Consider a real valued function $h$ on random variables, and the following sample-average function $h_S(X_1, X_2, ..., X_n) = \frac{1}{n}\sum_{i=1}^n h(X_i).$ Assume $X_1, X_2, ..., X_n$ are not independently distributed i.e. are dependent.
In the most general setting for $h,$ is it correct to claim that the second equality below holds? $-$ $$E_{X_1, X_2,..., X_n}[h_S(X_1, X_2, ..., X_n)] = \frac{1}{n}\sum_{i=1}^n E_{X_1, X_2, ..., X_n}[h(X_i)] = \frac{1}{n}\sum_{i=1}^n E_{X_i}[h(X_i)]$$
My approach is as follows ($f$ is the joint pdf of $X_1, X_2, ..., X_n$) $-$
$$\begin{align*}E_{X_1, X_2, ..., X_n}[h(X_1)] &= \int_{X_1, X_2, ..., X_n} h(X_1) \,\, f(X_1, X_2, ..., X_n) \,\, dX_1 dX_2 ... dX_n \\ &= \int_{X_1} h(X_1) \left(\int_{X_2, ..., X_n} f(X_1, X_2, ..., X_n) \,\, dX_2 dX_3 ... dX_n \right) dX_1\\&= \int_{X_1}h(X_1) f(X_1) \,\, dX_1 = E_{X_1}h(X_1). \end{align*}$$
My questions:
- Is the above reasoning correct? (I am unsure of the integral splitting -- is it always possible?)
- Is there a cleaner (more elegant) way to see this?
Thanks!
As pointed out in the comments, the subscripts in the expectations don't make much sense and can be ommited.
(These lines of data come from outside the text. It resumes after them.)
lemma successively_rtranclp_hd_last:
  assumes "successively R xs" and "xs \<noteq> []"
  shows "R\<^sup>*\<^sup>* (hd xs) (last xs)"
  using successively_rtranclp_nth[OF assms(1), of 0 "length xs - 1"] assms(2)
  by (simp add: hd_conv_nth last_conv_nth)

lemma rtranclp_successively:
  "R\<^sup>*\<^sup>* x y \<Longrightarrow> \<exists>xs. successively R (x # xs) \<and> last (x # xs) = y"
proof (induction rule: converse_rtranclp_induct)
  case base
  show ?case by (intro exI[of _ "[]"]) simp
next
  case (step x z)
  then obtain xs where "successively R (z # xs)" "last (z # xs) = y" by blast
  with \<open>R x z\<close> show ?case by (intro exI[of _ "z # xs"]) simp
qed

lemma not_distinct_map_decomp:
  assumes "\<not> distinct (map f xs)"
  obtains A x B y C where "xs = A @ x # B @ y # C" and "f x = f y"
proof -
  have split: "\<exists>A x R. ys = A @ x # R \<and> f x = b \<and> map f R = bs"
    if "map f ys = as @ b # bs" for ys as b bs
    using that by (auto simp: map_eq_append_conv map_eq_Cons_conv)
  obtain as b bs cs where "map f xs = as @ b # bs @ b # cs"
    using not_distinct_decomp[OF assms] by auto
  from split[OF this] obtain A x R
    where "xs = A @ x # R" and "f x = b" and "map f R = bs @ b # cs"
    by blast
  moreover from split[OF this(3)] obtain B y C where "R = B @ y # C" "f y = b"
    by blast
  ultimately show thesis using that[of A x B y C] by simp
qed

lemma step_output_append_iff:
  "step M w (p, i, u) (p', i', u @ a) \<longleftrightarrow> step M w (p, i, v) (p', i', v @ a)"
  by (simp add: step_def)

lemma step_appends_output:
  assumes "step M w (p, i, u) (p', i', u')"
  shows "\<exists>a. u' = u @ a"
  using assms by (auto simp: step_def split: if_splits)

definition output_bound :: "('a, 'b) gsm2 \<Rightarrow> nat" where
  "output_bound M = (\<Sum>(_, _, _, a1, _, _, a0, _) \<in> delta M. length a1 + length a0)"
(* $C_3(82) = 7$.
   Context: For positive integers $m, r$, $C_m(r)$ is the minimum odd positive integer $n$ such that there exist vectors $v_1, \ldots, v_n \in \mathbb{Z}^m$ (not necessarily distinct) with $|v_i| = \sqrt{r}$ (Euclidean norm) for every $i$ and $v_1 + \cdots + v_n = \mathbf{0}$; if no such odd $n$ exists, $C_m(r) = 0$. *)

theory Defs
  imports Complex_Main
begin

text \<open>Vectors in Z^m are represented as integer lists of length m.
  Euclidean norm of an integer vector.\<close>
definition znorm :: "int list \<Rightarrow> real" where
  "znorm v = sqrt (\<Sum>x\<leftarrow>v. real_of_int x ^ 2)"

definition zero_sum_config :: "nat \<Rightarrow> nat \<Rightarrow> nat \<Rightarrow> bool" where
  "zero_sum_config m r n \<longleftrightarrow>
     (\<exists>v :: nat \<Rightarrow> int list.
        (\<forall>i<n. length (v i) = m \<and> znorm (v i) = sqrt (real r)) \<and>
        (\<forall>j<m. (\<Sum>i<n. v i ! j) = 0))"

definition C :: "nat \<Rightarrow> nat \<Rightarrow> nat" where
  "C m r = (if \<exists>n. odd n \<and> 0 < n \<and> zero_sum_config m r n
            then (LEAST n. odd n \<and> 0 < n \<and> zero_sum_config m r n) else 0)"

end

(* The integer points of squared norm 82 are the 48 signed permutations of (9, 1, 0) and (8, 3, 3),
   and seven of them sum to zero. A single one is nonzero, and three cannot sum to zero because no
   two points of the sphere add up to a third one. Five are excluded by a finite search: in
   a + b + c + d + e = 0 we may assume by symmetry that a is one of the two orbit representatives,
   and then x = a + b + c = -(d + e) must have the squared norm of a sum of two sphere points,
   which leaves few x to test against x + d = -e. *)

theory Submission
  imports Defs "HOL-Library.Product_Plus"
begin

type_synonym vec3 = "int \<times> int \<times> int"

definition sqnorm :: "vec3 \<Rightarrow> int" where
  "sqnorm = (\<lambda>(x, y, z). x\<^sup>2 + y\<^sup>2 + z\<^sup>2)"

definition list_of_vec3 :: "vec3 \<Rightarrow> int list" where
  "list_of_vec3 = (\<lambda>(x, y, z). [x, y, z])"

lemma sqnorm_uminus [simp]: "sqnorm (- v) = sqnorm v"
  by (simp add: sqnorm_def split: prod.splits)

lemma znorm_list_of_vec3: "znorm (list_of_vec3 v) = sqrt (of_int (sqnorm v))"
  by (simp add: znorm_def list_of_vec3_def sqnorm_def split: prod.splits)

lemma length_list_of_vec3: "length (list_of_vec3 v) = 3"
  by (simp add: list_of_vec3_def split: prod.splits)

lemma list_of_vec3_coords_eq:
  "length xs = 3 \<Longrightarrow> list_of_vec3 (xs ! 0, xs ! 1, xs ! 2) = xs"
  by (auto simp: list_of_vec3_def numeral_3_eq_3 length_Suc_conv)

lemma coordinate_sums_eq_0_iff:
  "(\<forall>j<3. (\<Sum>i\<in>A. list_of_vec3 (v i) ! j) = 0) \<longleftrightarrow> sum v A = 0"
proof -
  have "(\<forall>j<3. (\<Sum>i\<in>A. list_of_vec3 (v i) ! j) = 0) \<longleftrightarrow>
      (\<Sum>i\<in>A. fst (v i)) = 0 \<and> (\<Sum>i\<in>A. fst (snd (v i))) = 0 \<and> (\<Sum>i\<in>A. snd (snd (v i))) = 0"
    by (auto simp: list_of_vec3_def split_beta less_Suc_eq numeral_3_eq_3)
  also have "\<dots> \<longleftrightarrow> sum v A = 0"
    by (simp add: prod_eq_iff fst_sum snd_sum)
  finally show ?thesis .
qed

lemma zero_sum_config_3_iff:
  "zero_sum_config 3 r n \<longleftrightarrow> (\<exists>v. (\<forall>i<n. sqnorm (v i) = int r) \<and> (\<Sum>i<n. v i) = 0)"
proof
  assume "zero_sum_config 3 r n"
  then obtain xs where len: "\<forall>i<n. length (xs i) = 3"
    and norm: "\<forall>i<n. znorm (xs i) = sqrt (real r)"
    and sums: "\<forall>j<3. (\<Sum>i<n. xs i ! j) = 0"
    unfolding zero_sum_config_def by blast
  define v where "v i = (xs i ! 0, xs i ! 1, xs i ! 2)" for i
  have xs_eq: "list_of_vec3 (v i) = xs i" if "i < n" for i
    unfolding v_def using len that by (intro list_of_vec3_coords_eq) blast
  have "\<forall>i<n. sqnorm (v i) = int r"
    using norm by (metis xs_eq znorm_list_of_vec3 of_int_of_nat_eq real_sqrt_eq_iff of_int_eq_iff)
  moreover have "(\<Sum>i<n. v i) = 0"
    unfolding coordinate_sums_eq_0_iff [symmetric] using sums by (simp add: xs_eq)
  ultimately show "\<exists>v. (\<forall>i<n. sqnorm (v i) = int r) \<and> (\<Sum>i<n. v i) = 0" by blast
next
  assume "\<exists>v. (\<forall>i<n. sqnorm (v i) = int r) \<and> (\<Sum>i<n. v i) = 0"
  then obtain v :: "nat \<Rightarrow> vec3" where norm: "\<forall>i<n. sqnorm (v i) = int r" and sum: "(\<Sum>i<n. v i) = 0"
    by blast
  have "\<forall>i<n. length (list_of_vec3 (v i)) = 3 \<and> znorm (list_of_vec3 (v i)) = sqrt (real r)"
    using norm by (simp add: znorm_list_of_vec3 length_list_of_vec3)
  moreover have "\<forall>j<3. (\<Sum>i<n. list_of_vec3 (v i) ! j) = 0"
    using sum by (simp only: coordinate_sums_eq_0_iff)
  ultimately show "zero_sum_config 3 r n"
    unfolding zero_sum_config_def by (intro exI [of _ "\<lambda>i. list_of_vec3 (v i)"]) blast
qed

lemma C_eqI:
  assumes "odd n" "zero_sum_config m r n"
    and "\<And>k. odd k \<Longrightarrow> k < n \<Longrightarrow> \<not> zero_sum_config m r k"
  shows "C m r = n"
proof -
  have "(LEAST k. odd k \<and> 0 < k \<and> zero_sum_config m r k) = n"
    using assms by (intro Least_equality) (auto simp: odd_pos intro: leI)
  with assms(1,2) show ?thesis
    unfolding C_def by (auto simp: odd_pos)
qed

definition sphere_points :: "int \<Rightarrow> int \<Rightarrow> vec3 list" where
  "sphere_points k r =
     [(x, y, z). x \<leftarrow> [-k..k], y \<leftarrow> [-k..k], z \<leftarrow> [-k..k], x\<^sup>2 + y\<^sup>2 + z\<^sup>2 = r]"

lemma mem_sphere_points:
  "(x, y, z) \<in> set (sphere_points k r) \<longleftrightarrow>
     x \<in> {-k..k} \<and> y \<in> {-k..k} \<and> z \<in> {-k..k} \<and> x\<^sup>2 + y\<^sup>2 + z\<^sup>2 = r"
  unfolding sphere_points_def
  by (simp only: set_concat set_map set_upto) (auto split: if_splits)

lemma set_sphere_points:
  assumes "r < (k + 1)\<^sup>2" "0 \<le> k"
  shows "set (sphere_points k r) = {v. sqnorm v = r}"
proof -
  have bound: "t \<in> {-k..k}" if "t\<^sup>2 \<le> r" for t :: int
  proof -
    have "\<bar>t\<bar>\<^sup>2 < (k + 1)\<^sup>2"
      using that assms(1) by simp
    then have "\<bar>t\<bar> < k + 1"
      by (rule power2_less_imp_less) (simp add: assms(2))
    then show ?thesis by auto
  qed
  have "(x, y, z) \<in> set (sphere_points k r) \<longleftrightarrow> x\<^sup>2 + y\<^sup>2 + z\<^sup>2 = r" for x y z
    using bound [of x] bound [of y] bound [of z]
      zero_le_power2 [of x] zero_le_power2 [of y] zero_le_power2 [of z]
    unfolding mem_sphere_points by linarith
  then show ?thesis
    by (auto simp: sqnorm_def)
qed

abbreviation sphere82 :: "vec3 list" where
  "sphere82 \<equiv> sphere_points 9 82"

lemma set_sphere82: "set sphere82 = {v. sqnorm v = 82}"
  by (rule set_sphere_points) simp_all

definition coord_perms :: "(vec3 \<Rightarrow> vec3) list" where
  "coord_perms = [\<lambda>(x, y, z). (x, y, z), \<lambda>(x, y, z). (x, z, y), \<lambda>(x, y, z). (y, x, z),
                  \<lambda>(x, y, z). (y, z, x), \<lambda>(x, y, z). (z, x, y), \<lambda>(x, y, z). (z, y, x)]"

definition sign_change :: "vec3 \<Rightarrow> vec3 \<Rightarrow> vec3" where
  "sign_change = (\<lambda>(s, t, u) (x, y, z). (s * x, t * y, u * z))"

definition signed_perms :: "(vec3 \<Rightarrow> vec3) list" where
  "signed_perms =
     [p \<circ> sign_change (s, t, u). p \<leftarrow> coord_perms, s \<leftarrow> [1, -1], t \<leftarrow> [1, -1], u \<leftarrow> [1, -1]]"

lemma additive_signed_perm: "g \<in> set signed_perms \<Longrightarrow> additive g"
  by (auto simp: signed_perms_def coord_perms_def sign_change_def additive_def algebra_simps)

lemma sqnorm_signed_perm: "g \<in> set signed_perms \<Longrightarrow> sqnorm (g v) = sqnorm v"
  by (auto simp: signed_perms_def coord_perms_def sign_change_def sqnorm_def split: prod.splits)

definition orbit_reps82 :: "vec3 list" where
  "orbit_reps82 = [(9, 1, 0), (8, 3, 3)]"

lemma sphere82_orbit_reps:
  assumes "sqnorm v = 82"
  obtains g where "g \<in> set signed_perms" "g v \<in> set orbit_reps82"
proof -
  have "list_all (\<lambda>v. list_ex (\<lambda>g. g v \<in> set orbit_reps82) signed_perms) sphere82"
    by code_simp
  then show ?thesis
    using assms that unfolding list_all_iff list_ex_iff set_sphere82 by blast
qed

(* By symmetry, the first summand may be taken to be an orbit representative. *)
definition pair_sqnorms82 :: "int list" where
  "pair_sqnorms82 = remdups [sqnorm (a + v). a \<leftarrow> orbit_reps82, v \<leftarrow> sphere82]"

lemma sqnorm_add_mem_pair_sqnorms82:
  assumes "sqnorm u = 82" "sqnorm v = 82"
  shows "sqnorm (u + v) \<in> set pair_sqnorms82"
proof -
  obtain g where g: "g \<in> set signed_perms" "g u \<in> set orbit_reps82"
    using sphere82_orbit_reps assms(1) by blast
  have "sqnorm (u + v) = sqnorm (g u + g v)"
    using g(1) by (simp add: sqnorm_signed_perm flip: additive.add [OF additive_signed_perm])
  moreover have "g v \<in> set sphere82"
    using g(1) assms(2) by (simp add: set_sphere82 sqnorm_signed_perm)
  ultimately show ?thesis
    using g(2) by (auto simp: pair_sqnorms82_def)
qed

lemma sphere82_add_not_in_sphere82:
  assumes "sqnorm u = 82" "sqnorm v = 82"
  shows "sqnorm (u + v) \<noteq> 82"
proof -
  have "82 \<notin> set pair_sqnorms82"
    by code_simp
  then show ?thesis
    using sqnorm_add_mem_pair_sqnorms82 [OF assms] by auto
qed

(* N is only a filter on x = a + b + c (it should contain all sqnorm (d + e)); writing it as an
   if rather than an implication makes code_simp skip the inner loop when the filter fails. *)
definition no_zero_sum5_from :: "int \<Rightarrow> vec3 list \<Rightarrow> int list \<Rightarrow> vec3 \<Rightarrow> bool" where
  "no_zero_sum5_from r S N a \<longleftrightarrow>
     list_all (\<lambda>b. list_all (\<lambda>c. let x = a + b + c in
       if sqnorm x \<in> set N then list_all (\<lambda>d. sqnorm (x + d) \<noteq> r) S else True) S) S"

lemma no_zero_sum5_fromD:
  assumes "no_zero_sum5_from r S N a" "b \<in> set S" "c \<in> set S" "d \<in> set S"
    and "sqnorm e = r" "sqnorm (d + e) \<in> set N"
  shows "a + b + c + d + e \<noteq> 0"
proof
  assume "a + b + c + d + e = 0"
  then have x_eq: "a + b + c = - (d + e)" and "a + b + c + d = - e"
    by (simp_all add: algebra_simps eq_neg_iff_add_eq_0)
  have "if sqnorm (a + b + c) \<in> set N then list_all (\<lambda>d'. sqnorm (a + b + c + d') \<noteq> r) S else True"
    using assms(1-3) unfolding no_zero_sum5_from_def list_all_iff Let_def by blast
  moreover have "sqnorm (a + b + c) \<in> set N"
    using assms(6) by (simp only: x_eq sqnorm_uminus)
  ultimately have "\<forall>d'\<in>set S. sqnorm (a + b + c + d') \<noteq> r"
    by (simp add: list_all_iff)
  then show False
    using \<open>a + b + c + d = - e\<close> assms(4,5) by auto
qed

lemma no_zero_sum5_from_9_1_0: "no_zero_sum5_from 82 sphere82 pair_sqnorms82 (9, 1, 0)"
  by code_simp

lemma no_zero_sum5_from_8_3_3: "no_zero_sum5_from 82 sphere82 pair_sqnorms82 (8, 3, 3)"
  by code_simp

lemma sphere82_no_zero_sum5:
  assumes "sqnorm a = 82" "sqnorm b = 82" "sqnorm c = 82" "sqnorm d = 82" "sqnorm e = 82"
  shows "a + b + c + d + e \<noteq> 0"
proof
  assume zero_sum: "a + b + c + d + e = 0"
  obtain g where g: "g \<in> set signed_perms" "g a \<in> set orbit_reps82"
    using sphere82_orbit_reps assms(1) by blast
  interpret g: additive g
    using g(1) by (rule additive_signed_perm)
  have "g a + g b + g c + g d + g e = 0"
    using zero_sum by (simp flip: g.add add: g.zero)
  moreover have "no_zero_sum5_from 82 sphere82 pair_sqnorms82 (g a)"
    using g(2) no_zero_sum5_from_9_1_0 no_zero_sum5_from_8_3_3 by (auto simp: orbit_reps82_def)
  moreover have "sqnorm (g v) = 82" if "sqnorm v = 82" for v
    using g(1) that by (simp add: sqnorm_signed_perm)
  ultimately show False
    using assms no_zero_sum5_fromD [of 82 sphere82 pair_sqnorms82 "g a" "g b" "g c" "g d" "g e"]
    by (simp add: set_sphere82 sqnorm_add_mem_pair_sqnorms82)
qed

lemma not_zero_sum_config_3_1: "0 < r \<Longrightarrow> \<not> zero_sum_config 3 r 1"
  by (auto simp: zero_sum_config_3_iff sqnorm_def zero_prod_def)

lemma not_zero_sum_config_3_82_3: "\<not> zero_sum_config 3 82 3"
proof
  assume "zero_sum_config 3 82 3"
  then obtain v :: "nat \<Rightarrow> vec3" where norm: "\<forall>i<3. sqnorm (v i) = 82" and "(\<Sum>i<3. v i) = 0"
    by (auto simp: zero_sum_config_3_iff)
  then have "v 0 + v 1 = - v 2"
    by (simp add: eval_nat_numeral algebra_simps eq_neg_iff_add_eq_0)
  then show False
    using norm sphere82_add_not_in_sphere82 [of "v 0" "v 1"] by simp
qed

lemma not_zero_sum_config_3_82_5: "\<not> zero_sum_config 3 82 5"
proof
  assume "zero_sum_config 3 82 5"
  then obtain v :: "nat \<Rightarrow> vec3" where norm: "\<forall>i<5. sqnorm (v i) = 82" and "(\<Sum>i<5. v i) = 0"
    by (auto simp: zero_sum_config_3_iff)
  then have "v 0 + v 1 + v 2 + v 3 + v 4 = 0"
    by (simp add: eval_nat_numeral algebra_simps)
  then show False
    using norm sphere82_no_zero_sum5 [of "v 0" "v 1" "v 2" "v 3" "v 4"] by simp
qed

lemma zero_sum_config_3_82_7: "zero_sum_config 3 82 7"
proof -
  define v :: "nat \<Rightarrow> vec3" where
    "v = (!) [(-9, -1, 0), (-9, -1, 0), (-9, 1, 0), (3, -8, -3), (8, 3, -3), (8, 3, 3), (8, 3, 3)]"
  have "\<forall>i<7. sqnorm (v i) = 82"
    by (auto simp: v_def sqnorm_def less_Suc_eq numeral_eq_Suc)
  moreover have "(\<Sum>i<7. v i) = 0"
    by (simp add: v_def eval_nat_numeral zero_prod_def)
  ultimately show ?thesis
    unfolding zero_sum_config_3_iff by auto
qed

theorem theorem5:
  shows "C 3 82 = 7"
proof (rule C_eqI)
  show "odd (7::nat)"
    by simp
  show "zero_sum_config 3 82 7"
    by (rule zero_sum_config_3_82_7)
  fix k :: nat
  assume "odd k" "k < 7"
  then have "k = 1 \<or> k = 3 \<or> k = 5"
    by presburger
  then show "\<not> zero_sum_config 3 82 k"
    using not_zero_sum_config_3_1 not_zero_sum_config_3_82_3 not_zero_sum_config_3_82_5 by auto
qed

end
(* Let $\Sigma\supseteq\Sigma_m$ be a signature and $E\supseteq\mathrm{Md}$ a set of $\Sigma$-equations such that $(\Sigma,E)$ has the propagation property for pseudo units and the propagation property for pseudo zeros. Then for all closed $\Sigma$-terms $t,r,s$: (i) if $E\cup\{t=0\}\vdash_{\mathrm{IR}} r=s$ then $E\vdash 0_t\cdot r=0_t\cdot s$; (ii) if $E\cup\{1_t=1\}\vdash_{\mathrm{IR}} r=s$ then $E\vdash 1_t\cdot r=1_t\cdot s$.
   Context: $\Sigma_m=(0,1,+,\cdot,-,{}^{-1})$; $\mathrm{Md}$ is the set of equations $(x+y)+z=x+(y+z)$, $x+y=y+x$, $x+0=x$, $x+(-x)=0$, $(x\cdot y)\cdot z=x\cdot(y\cdot z)$, $x\cdot y=y\cdot x$, $1\cdot x=x$, $x\cdot(y+z)=x\cdot y+x\cdot z$, $(x^{-1})^{-1}=x$, $x\cdot(x\cdot x^{-1})=x$. $1_t$ abbreviates $t\cdot t^{-1}$, $0_t$ abbreviates $1+(-1_t)$. $\vdash$ denotes derivability in equational logic. $(\Sigma,E)$ has the propagation property for pseudo units if for all $\Sigma$-terms $t,r$ and every context $C[\,]$, $E\vdash 1_t\cdot C[r]=1_t\cdot C[1_t\cdot r]$; it has the propagation property for pseudo zeros if for all $\Sigma$-terms $t,r$ and every context $C[\,]$, $E\vdash 0_t\cdot C[r]=0_t\cdot C[0_t\cdot r]$. The inverse rule IR is: from $F\cup\{h=0\}\vdash r=s$ and $F\cup\{1_h=1\}\vdash r=s$ infer $F\vdash r=s$, with $h$ ranging over closed $\Sigma$-terms. $F\vdash_{\mathrm{IR}} r=s$ means $r=s$ is derivable from $F$ in equational logic extended with finitely many applications of IR. *)

theory Defs
  imports Main
begin

text \<open>Function symbols: the meadow symbols of Sigma_m plus extra symbols of type 'f.
  A signature Sigma containing Sigma_m is given by a set F of extra symbols and an
  arity function ar.\<close>

datatype 'f sym = SZero | SOne | SPlus | STimes | SNeg | SInv | SExt 'f

datatype 'f trm = Var nat | Fun "'f sym" "'f trm list"

fun arity_ok :: "'f set \<Rightarrow> ('f \<Rightarrow> nat) \<Rightarrow> 'f sym \<Rightarrow> nat \<Rightarrow> bool" where
  "arity_ok F ar SZero n = (n = 0)"
| "arity_ok F ar SOne n = (n = 0)"
| "arity_ok F ar SPlus n = (n = 2)"
| "arity_ok F ar STimes n = (n = 2)"
| "arity_ok F ar SNeg n = (n = 1)"
| "arity_ok F ar SInv n = (n = 1)"
| "arity_ok F ar (SExt f) n = (f \<in> F \<and> ar f = n)"

fun wf_trm :: "'f set \<Rightarrow> ('f \<Rightarrow> nat) \<Rightarrow> 'f trm \<Rightarrow> bool" where
  "wf_trm F ar (Var x) = True"
| "wf_trm F ar (Fun s ts) = (arity_ok F ar s (length ts) \<and> (\<forall>t\<in>set ts. wf_trm F ar t))"

fun vars_trm :: "'f trm \<Rightarrow> nat set" where
  "vars_trm (Var x) = {x}"
| "vars_trm (Fun s ts) = (\<Union>t\<in>set ts. vars_trm t)"

definition closed_trm :: "'f trm \<Rightarrow> bool" where
  "closed_trm t \<longleftrightarrow> vars_trm t = {}"

fun subst :: "(nat \<Rightarrow> 'f trm) \<Rightarrow> 'f trm \<Rightarrow> 'f trm" where
  "subst \<sigma> (Var x) = \<sigma> x"
| "subst \<sigma> (Fun s ts) = Fun s (map (subst \<sigma>) ts)"

datatype 'f ctxt = Hole | CFun "'f sym" "'f trm list" "'f ctxt" "'f trm list"

fun fill :: "'f ctxt \<Rightarrow> 'f trm \<Rightarrow> 'f trm" where
  "fill Hole u = u"
| "fill (CFun s l C r) u = Fun s (l @ fill C u # r)"

fun wf_ctxt :: "'f set \<Rightarrow> ('f \<Rightarrow> nat) \<Rightarrow> 'f ctxt \<Rightarrow> bool" where
  "wf_ctxt F ar Hole = True"
| "wf_ctxt F ar (CFun s l C r) =
     (arity_ok F ar s (length l + 1 + length r) \<and> (\<forall>t\<in>set l. wf_trm F ar t)
      \<and> wf_ctxt F ar C \<and> (\<forall>t\<in>set r. wf_trm F ar t))"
Even simpler: you have the random variables $Y_i=h(X_i)$.
And for any set of random variables (independent or not) is true that $ E[a (Y_1+Y_2)] = a (E[Y_1] + E[Y_2])$ (expectation is a linear operator).
Then, indeed
$$E\left[ \frac{1}{n} \sum_i Y_i\right] = \frac{1}{n} \sum_i E[Y_i]$$
The only condition you need is that $Y_i=h(X_i)$ have finite mean.